In terms of the actual blood collection itself, it wasn’t so bad. I was shocked to learn that 450mL of blood is collected (about two small cups). The blood collection only took about 15 minutes, but I spent about 50 minutes for the entire process. I was a bit disappointed because I was initially led to believe that I would only need 15 minutes, but maybe I didn’t ask the right question - how long before I can leave versus how long does it take to donate blood?
As I was lying on the cot with the tube sticking out of my arm, I was wondering if there was any opportunities to automate the process further. The only thing I can think about is having an electronic intake form. But, an electronic form means significant investments in technology with what may be very little gain. The form itself isn’t the problem. It’s having some hardware that donors can use to enter the information. Could a handheld computer be used here? I’m sure that using electronic tools could provide multi-lingual support for non-native English speakers. Part of the challenge is that much of the blood collection takes place outside of the CBS offices (e.g., malls, schools, and community centres). What type of infrastructure support would be needed to make an electronic solution work? I saw a few laptop computers that the desk clerks were using, but very little by the nurses/phlebotomists themselves.

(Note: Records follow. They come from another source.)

lemma measure_symmetrization:
  fixes M :: "(real^'n::finite) measure"
  assumes "prob_space M" "sets M = sets borel" "A \<in> sets borel"
  shows "measure (symmetrization M) A =
    (\<Sum>p | p permutes UNIV. measure M (permute_coords p -` A)) / card {p. p permutes (UNIV::'n set)}"
proof -
  interpret prob_space M by fact
  let ?Perms = "{p. p permutes (UNIV::'n set)}"
  have N: "0 < card ?Perms"
    by (rule card_permutations_UNIV_pos)
  have "emeasure (symmetrization M) A = ennreal ((\<Sum>p\<in>?Perms. measure M (permute_coords p -` A)) / card ?Perms)"
    using N unfolding emeasure_symmetrization[OF assms]
    by (simp add: emeasure_eq_measure sum_ennreal divide_ennreal sum_nonneg
        ennreal_of_nat_eq_real_of_nat)
  then show ?thesis
    unfolding measure_def by (simp add: sum_nonneg)
qed

lemma distr_symmetrization:
  fixes M :: "(real^'n::finite) measure"
  assumes "prob_space M" "sets M = sets borel" "s permutes UNIV"
  shows "distr (symmetrization M) borel (permute_coords s) = symmetrization M"
proof (rule measure_eqI)
  show "sets (distr (symmetrization M) borel (permute_coords s)) = sets (symmetrization M)"
    using sets_symmetrization[OF assms(1,2)] by simp
  fix A assume "A \<in> sets (distr (symmetrization M) borel (permute_coords s))"
  then have A: "A \<in> sets borel" by simp
  have vimage: "permute_coords p -` (permute_coords s -` A) = permute_coords (p \<circ> s) -` A" for p
    by (auto simp: permute_coords_comp)
  have sA: "permute_coords s -` A \<in> sets borel"
    using measurable_sets[OF borel_measurable_permute_coords A] by simp
  have "emeasure (distr (symmetrization M) borel (permute_coords s)) A =
      emeasure (symmetrization M) (permute_coords s -` A)"
    using sets_eq_imp_space_eq[OF sets_symmetrization[OF assms(1,2)]] A
    by (subst emeasure_distr) (auto simp: measurable_cong_sets[OF sets_symmetrization[OF assms(1,2)] refl])
  also have "\<dots> = (\<Sum>p | p permutes UNIV. emeasure M (permute_coords (p \<circ> s) -` A)) /
      card {p. p permutes (UNIV::'n set)}"
    by (simp add: emeasure_symmetrization[OF assms(1,2) sA] vimage)
  also have "\<dots> = (\<Sum>p | p permutes UNIV. emeasure M (permute_coords p -` A)) /
      card {p. p permutes (UNIV::'n set)}"
    by (simp only: sum_permutations_compose_right[OF assms(3),
          of "\<lambda>p. emeasure M (permute_coords p -` A)", symmetric])
  also have "\<dots> = emeasure (symmetrization M) A"
    using A by (simp add: emeasure_symmetrization[OF assms(1,2)])
  finally show "emeasure (distr (symmetrization M) borel (permute_coords s)) A = emeasure (symmetrization M) A" .
qed

lemma not_in_msupp_iff:
  assumes "sets M = sets borel"
  shows "x \<notin> msupp M \<longleftrightarrow> (\<forall>\<^sub>F e in at_right 0. emeasure M (ball x e) = 0)"
proof
  assume "x \<notin> msupp M"
  then obtain e0 where "0 < e0" "emeasure M (ball x e0) = 0"
    by (auto simp: msupp_def not_less)
  then show "\<forall>\<^sub>F e in at_right 0. emeasure M (ball x e) = 0"
    unfolding eventually_at_right_field
    by (intro exI[of _ e0]) (auto intro!: emeasure_eq_0[of "ball x e0"] simp: assms)
next
  assume "\<forall>\<^sub>F e in at_right 0. emeasure M (ball x e) = 0"
  then obtain b where "0 < b" "\<And>e. 0 < e \<Longrightarrow> e < b \<Longrightarrow> emeasure M (ball x e) = 0"
    unfolding eventually_at_right_field by auto
  then show "x \<notin> msupp M"
    unfolding msupp_def by (auto intro!: exI[of _ "b/2"])
qed

lemma dist_permute_coords:
  assumes "p permutes (UNIV::'n::finite set)"
  shows "dist (permute_coords p x) (permute_coords p y) = dist x y"
proof -
  have "(\<Sum>i\<in>UNIV. (norm ((x - y) $ p i))\<^sup>2) = (\<Sum>i\<in>UNIV. (norm ((x - y) $ i))\<^sup>2)"
    using sum.permute[OF assms, of "\<lambda>i. (norm ((x - y) $ i))\<^sup>2"] by (simp add: comp_def)
  then show ?thesis
    unfolding dist_norm norm_vec_def L2_set_def permute_coords_def by simp
qed

lemma vimage_permute_coords_ball:
  assumes "p permutes (UNIV::'n::finite set)"
  shows "permute_coords p -` ball x e = ball (permute_coords (inv p) x) e"
proof -
  have "x = permute_coords p (permute_coords (inv p) x)"
    by (simp add: permute_coords_comp permutes_inv_o(2)[OF assms]) (simp add: permute_coords_def)
  then have "dist x (permute_coords p z) = dist (permute_coords (inv p) x) z" for z
    using dist_permute_coords[OF assms] by metis
  then show ?thesis by auto
qed

lemma permute_coords_in_orthant_iff:
  assumes "p permutes (UNIV::'n::finite set)"
  shows "permute_coords p x \<in> orthant \<longleftrightarrow> x \<in> orthant"
  using assms unfolding orthant_def permute_coords_def
  by (auto simp: permutes_def) (metis permutes_inverses(1)[OF assms])

lemma msupp_symmetrization:
  fixes M :: "(real^'n::finite) measure"
  assumes "prob_space M" "sets M = sets borel" "msupp M \<subseteq> orthant"
  shows "msupp (symmetrization M) \<subseteq> orthant"
proof
  fix x assume x: "x \<in> msupp (symmetrization M)"
  show "x \<in> orthant"
  proof (rule ccontr)
    assume "x \<notin> orthant"
    then have "permute_coords (inv p) x \<notin> msupp M" if "p permutes UNIV" for p
      using assms(3) permute_coords_in_orthant_iff[OF permutes_inv[OF that]] by auto
    then have "\<forall>\<^sub>F e in at_right 0. \<forall>p\<in>{p. p permutes UNIV}. emeasure M (ball (permute_coords (inv p) x) e) = 0"
      using finite_permutations_UNIV
      by (intro eventually_ball_finite) (auto simp: not_in_msupp_iff[OF assms(2)])
    then have "\<forall>\<^sub>F e in at_right 0. emeasure (symmetrization M) (ball x e) = 0"
      by eventually_elim (simp add: emeasure_symmetrization[OF assms(1,2)] vimage_permute_coords_ball)
    then show False
      using x not_in_msupp_iff[OF sets_symmetrization[OF assms(1,2)]] by blast
  qed
qed

lemma symmetrization_in_Cn:
  assumes "P \<in> Pn"
  shows "symmetrization P \<in> Cn"
proof -
  have P: "prob_space P" "sets P = sets borel" "msupp P \<subseteq> orthant"
    using assms unfolding Pn_def by auto
  show ?thesis
    using distr_symmetrization[OF P(1,2)] msupp_symmetrization[OF P]
      prob_space_symmetrization[OF P(1,2)] sets_symmetrization[OF P(1,2)]
    unfolding Cn_def Pn_def permute_coords_def[abs_def] by auto
qed

lemma phi_on_symmetrization:
  fixes M :: "(real^'n::finite) measure"
  assumes "prob_space M" "sets M = sets borel"
  shows "phi_on (symmetrization M) j k x y =
    (\<Sum>p | p permutes UNIV. phi_on M (p j) (p k) x y) / card {p. p permutes (UNIV::'n set)}"
proof -
  let ?Perms = "{p. p permutes (UNIV::'n set)}"
  have N: "0 < card ?Perms"
    by (rule card_permutations_UNIV_pos)
  show ?thesis
    using N unfolding phi_on_def
    by (simp add: measure_symmetrization[OF assms] ex_permutes_UNIV sum_subtractf sum.distrib sum_distrib_left
        add_divide_distrib diff_divide_distrib)
qed

lemma worst_ratio_symmetrization_le:
  fixes P :: "(real^'n::finite) measure"
  assumes "P \<in> Pn" "idx1 \<noteq> (idx2::'n)"
  shows "worst_ratio (symmetrization P) \<le> worst_ratio P"
proof -
  have P: "prob_space P" "sets P = sets borel"
    using assms(1) unfolding Pn_def by auto
  let ?Perms = "{p. p permutes (UNIV::'n set)}"
  have Perms: "finite ?Perms" "0 < card ?Perms"
    by (rule finite_permutations_UNIV card_permutations_UNIV_pos)+
  have "ereal (phi (symmetrization P) x y) \<le> worst_ratio P" if "0 < x" "0 < y" for x y
  proof -
    have wsum: "(\<Sum>p\<in>?Perms. 1 / card ?Perms) = 1"
      using Perms by (simp add: ex_permutes_UNIV)
    obtain p where p: "p permutes UNIV" "(\<Sum>q\<in>?Perms. 1 / card ?Perms * phi_on P (q idx1) (q idx2) x y)
        \<le> phi_on P (p idx1) (p idx2) x y"
      by (rule exists_ge_convex_combination[of _ "\<lambda>_. 1 / card ?Perms"
            "\<lambda>q. phi_on P (q idx1) (q idx2) x y", OF Perms(1) _ wsum]) auto
    have "phi (symmetrization P) x y = (\<Sum>q\<in>?Perms. phi_on P (q idx1) (q idx2) x y) / card ?Perms"
      using phi_on_eq_phi[OF symmetrization_in_Cn[OF assms(1)] assms(2) assms(2)]
        phi_on_symmetrization[OF P] by metis
    also have "\<dots> \<le> phi_on P (p idx1) (p idx2) x y"
      using p(2) by (simp add: sum_divide_distrib)
    also have "ereal \<dots> \<le> worst_ratio P"
      using p(1) assms(2) that by (intro phi_on_le_worst_ratio[OF P]) (auto simp: permutes_inj inj_eq)
    finally show ?thesis by simp
  qed
  then show ?thesis
    unfolding worst_ratio_eq_SUP_phi[OF symmetrization_in_Cn[OF assms(1)] assms(2)]
    by (intro SUP_least) auto
qed

lemma Rn_eq_INF_Cn_worst_ratio:
  assumes "idx1 \<noteq> (idx2::'n::finite)"
  shows "Rn TYPE('n) = (INF M \<in> (Cn :: (real^'n) measure set). worst_ratio M)"
  unfolding Rn_def
proof (rule antisym)
  show "(INF M\<in>(Pn :: (real^'n) measure set). worst_ratio M) \<le>
      (INF M\<in>(Cn :: (real^'n) measure set). worst_ratio M)"
    by (rule INF_superset_mono) (auto simp: Cn_def)
  show "(INF M\<in>(Cn :: (real^'n) measure set). worst_ratio M) \<le>
      (INF M\<in>(Pn :: (real^'n) measure set). worst_ratio M)"
    by (rule INF_mono) (use symmetrization_in_Cn worst_ratio_symmetrization_le[OF _ assms] in blast)
qed

theorem corollary3:
  assumes "CARD('n::finite) \<ge> 2"
  shows "Rn TYPE('n) =
    (INF M \<in> (Cn :: (real^'n) measure set).
       SUP p \<in> {0<..} \<times> {0<..}. ereal (phi M (fst p) (snd p)))"
proof -
  have idx: "idx1 \<noteq> (idx2::'n)"
    using assms by (rule idx1_neq_idx2)
  then have "Rn TYPE('n) = (INF M \<in> (Cn :: (real^'n) measure set). worst_ratio M)"
    by (rule Rn_eq_INF_Cn_worst_ratio)
  also have "\<dots> = (INF M \<in> (Cn :: (real^'n) measure set).
      SUP p \<in> {0<..} \<times> {0<..}. ereal (phi M (fst p) (snd p)))"
    by (rule INF_cong[OF refl worst_ratio_eq_SUP_phi[OF _ idx]])
  finally show ?thesis .
qed

end
lemma pi_closed_balance_interior:
  assumes "1 \<le> j1" "j1 \<le> Q1" "1 \<le> j2" "j2 \<le> Q2" "(j1, j2) \<noteq> full"
  shows "pi_closed (j1, j2) * (s + mu) = inflow pi_closed (j1, j2)"
proof -
  consider (both) a b where "Q1 - j1 = Suc a" "Q2 - j2 = Suc b"
    | (first_full) b where "Q1 - j1 = 0" "Q2 - j2 = Suc b"
    | (second_full) a where "Q1 - j1 = Suc a" "Q2 - j2 = 0"
    using assms by (cases "Q1 - j1"; cases "Q2 - j2") auto
  then show ?thesis
  proof cases
    case (both a b)
    then have "j1 < Q1" "j2 < Q2" "Q1 - Suc j1 = a" "Q2 - Suc j2 = b" by auto
    moreover have "real ((Suc a + Suc b) choose Suc a) * q1 ^ Suc a * q2 ^ Suc b * q3 * (s + mu)
        = real ((a + Suc b) choose a) * q1 ^ a * q2 ^ Suc b * q3 * l1
        + real ((Suc a + b) choose Suc a) * q1 ^ Suc a * q2 ^ b * q3 * l2"
      using binomial_weight_pascal[of a b q1 q2] by (simp add: l1_eq l2_eq algebra_simps)
    ultimately show ?thesis
      using assms both unfolding inflow_def by (simp add: pi_closed_interior)
  next
    case (first_full b)
    then have "\<not> j1 < Q1" "j2 < Q2" "Q2 - Suc j2 = b" by auto
    then show ?thesis
      using assms first_full unfolding inflow_def by (simp add: pi_closed_interior l2_eq)
  next
    case (second_full a)
    then have "j1 < Q1" "\<not> j2 < Q2" "Q1 - Suc j1 = a" by auto
    then show ?thesis
      using assms second_full unfolding inflow_def by (simp add: pi_closed_interior l1_eq)
  qed
qed

lemma pi_closed_balance_edge1:
  assumes "1 \<le> j1" "j1 \<le> Q1"
  shows "pi_closed (j1, 0) * (s1 + mu) = inflow pi_closed (j1, 0)"
proof -
  have inflow: "inflow pi_closed (j1, 0) =
      (if j1 < Q1 then pi_closed (Suc j1, 0) * s1 else 0)
    + real ((Q1 - j1 + (Q2 - 1)) choose (Q1 - j1)) * q1 ^ (Q1 - j1) * q2 ^ (Q2 - 1) * q3 * l2"
    using assms Q2 by (simp add: inflow_def pi_closed_interior)
  show ?thesis
  proof (cases "Q1 - j1")
    case 0
    have "B2 * q2 ^ (Q2 - 1) * q3 * (s1 + mu) = q2 ^ (Q2 - 1) * q3 * l2"
      by (simp add: B2_balance(1)[symmetric] algebra_simps)
    moreover have "\<not> j1 < Q1" using 0 by simp
    ultimately show ?thesis
      using assms(1) inflow 0 by (simp add: pi_closed_edge1)
  next
    case (Suc a)
    then have "j1 < Q1" "Q1 - Suc j1 = a" "Q1 - j1 + (Q2 - 1) = Q2 + a" using Q2 by auto
    then show ?thesis
      using assms inflow Suc
        arg_cong[OF boundary_sum_balance[OF B2_balance, of q1 Q2 a], of "\<lambda>t. q2 ^ (Q2 - 1) * q3 * t"]
      by (simp add: pi_closed_edge1 algebra_simps)
  qed
qed

lemma pi_closed_balance_edge2:
  assumes "1 \<le> j2" "j2 \<le> Q2"
  shows "pi_closed (0, j2) * (s2 + mu) = inflow pi_closed (0, j2)"
proof -
  have "(Q1 - 1 + (Q2 - j2)) choose (Q1 - 1) = (Q1 - 1 + (Q2 - j2)) choose (Q2 - j2)"
    using binomial_symmetric[of "Q2 - j2" "Q1 - 1 + (Q2 - j2)"] by simp
  then have inflow: "inflow pi_closed (0, j2) =
      (if j2 < Q2 then pi_closed (0, Suc j2) * s2 else 0)
    + real ((Q2 - j2 + (Q1 - 1)) choose (Q2 - j2)) * q2 ^ (Q2 - j2) * q1 ^ (Q1 - 1) * q3 * l1"
    using assms Q1 by (simp add: inflow_def pi_closed_interior add.commute)
  show ?thesis
  proof (cases "Q2 - j2")
    case 0
    have "B1 * q1 ^ (Q1 - 1) * q3 * (s2 + mu) = q1 ^ (Q1 - 1) * q3 * l1"
      by (simp add: B1_balance(1)[symmetric] algebra_simps)
    moreover have "\<not> j2 < Q2" using 0 by simp
    ultimately show ?thesis
      using assms(1) inflow 0 by (simp add: pi_closed_edge2)
  next
    case (Suc a)
    then have "j2 < Q2" "Q2 - Suc j2 = a" "Q2 - j2 + (Q1 - 1) = Q1 + a" using Q1 by auto
    then show ?thesis
      using assms inflow Suc
        arg_cong[OF boundary_sum_balance[OF B1_balance, of q2 Q1 a], of "\<lambda>t. q1 ^ (Q1 - 1) * q3 * t"]
      by (simp add: pi_closed_edge2 algebra_simps)
  qed
qed

lemma pi_closed_balance_origin: "pi_closed (0, 0) * mu = inflow pi_closed (0, 0)"
  using Q1 Q2 mu by (simp add: inflow_def pi_closed_edge1 pi_closed_edge2 pi_closed_origin field_simps)

lemma pi_closed_local_balance:
  "\<forall>y\<in>states - {full}. pi_closed y * (demand_exit_rate y + mu) = inflow pi_closed y"
proof
  fix y assume y: "y \<in> states - {full}"
  obtain j1 j2 where y_eq: "y = (j1, j2)" and "j1 \<le> Q1" "j2 \<le> Q2"
    using y by (auto simp: inv_states_def)
  then consider "1 \<le> j1" "1 \<le> j2" | "1 \<le> j1" "j2 = 0" | "j1 = 0" "1 \<le> j2" | "j1 = 0" "j2 = 0"
    by linarith
  then show "pi_closed y * (demand_exit_rate y + mu) = inflow pi_closed y"
    using y y_eq pi_closed_balance_interior pi_closed_balance_edge1 pi_closed_balance_edge2
      pi_closed_balance_origin \<open>j1 \<le> Q1\<close> \<open>j2 \<le> Q2\<close>
    by cases (auto simp: demand_exit_rate_def s_def)
qed

lemma stationary_iff_eq_pi_closed:
  "inv_stationary Q1 Q2 l1 l2 p12 p21 mu \<pi> \<longleftrightarrow> (\<forall>y\<in>states. \<pi> y = pi_closed y)"
proof
  assume "inv_stationary Q1 Q2 l1 l2 p12 p21 mu \<pi>"
  moreover have "pi_closed full = q3"
    using Q1 Q2 by (simp add: pi_closed_interior)
  ultimately show "\<forall>y\<in>states. \<pi> y = pi_closed y"
    using local_balance_unique[OF _ pi_closed_local_balance] stationary_iff_local_balance by simp
next
  assume eq: "\<forall>y\<in>states. \<pi> y = pi_closed y"
  have "inflow \<pi> y = inflow pi_closed y" if "y \<in> states" for y
    using eq that by (auto simp: inflow_def inv_states_def)
  then show "inv_stationary Q1 Q2 l1 l2 p12 p21 mu \<pi>"
    using eq pi_closed_nonneg pi_closed_local_balance full_in_states Q1 Q2
    by (simp add: stationary_iff_local_balance pi_closed_interior)
qed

I think the nurse is right to note that asking people in person and observing their responses is a good human check to make sure that potential donors are being truthful in their responses. Being from a research background, I was mildly interested to see that CBS encourages donors to participate in research (by collecting a small portion of their blood for testing and research projects).
Oh yeah, one last thing. One of the “experienced” donors waiting beside me commented how the entire process seems to be getting longer each year. He thinks that the time will only increase because of the increased bio-terror threats. I was shocked to hear this idea, but after some thought, I realized that attacking the health system maybe a natural escalation of terrorists with the blood supply only one just insidious method. Scary thoughts…
Well, I’ll write more in two months during my next blood donation. I’m curious to see if the information they collected from me will be used. Hopefully there will not be as much demographic data collection.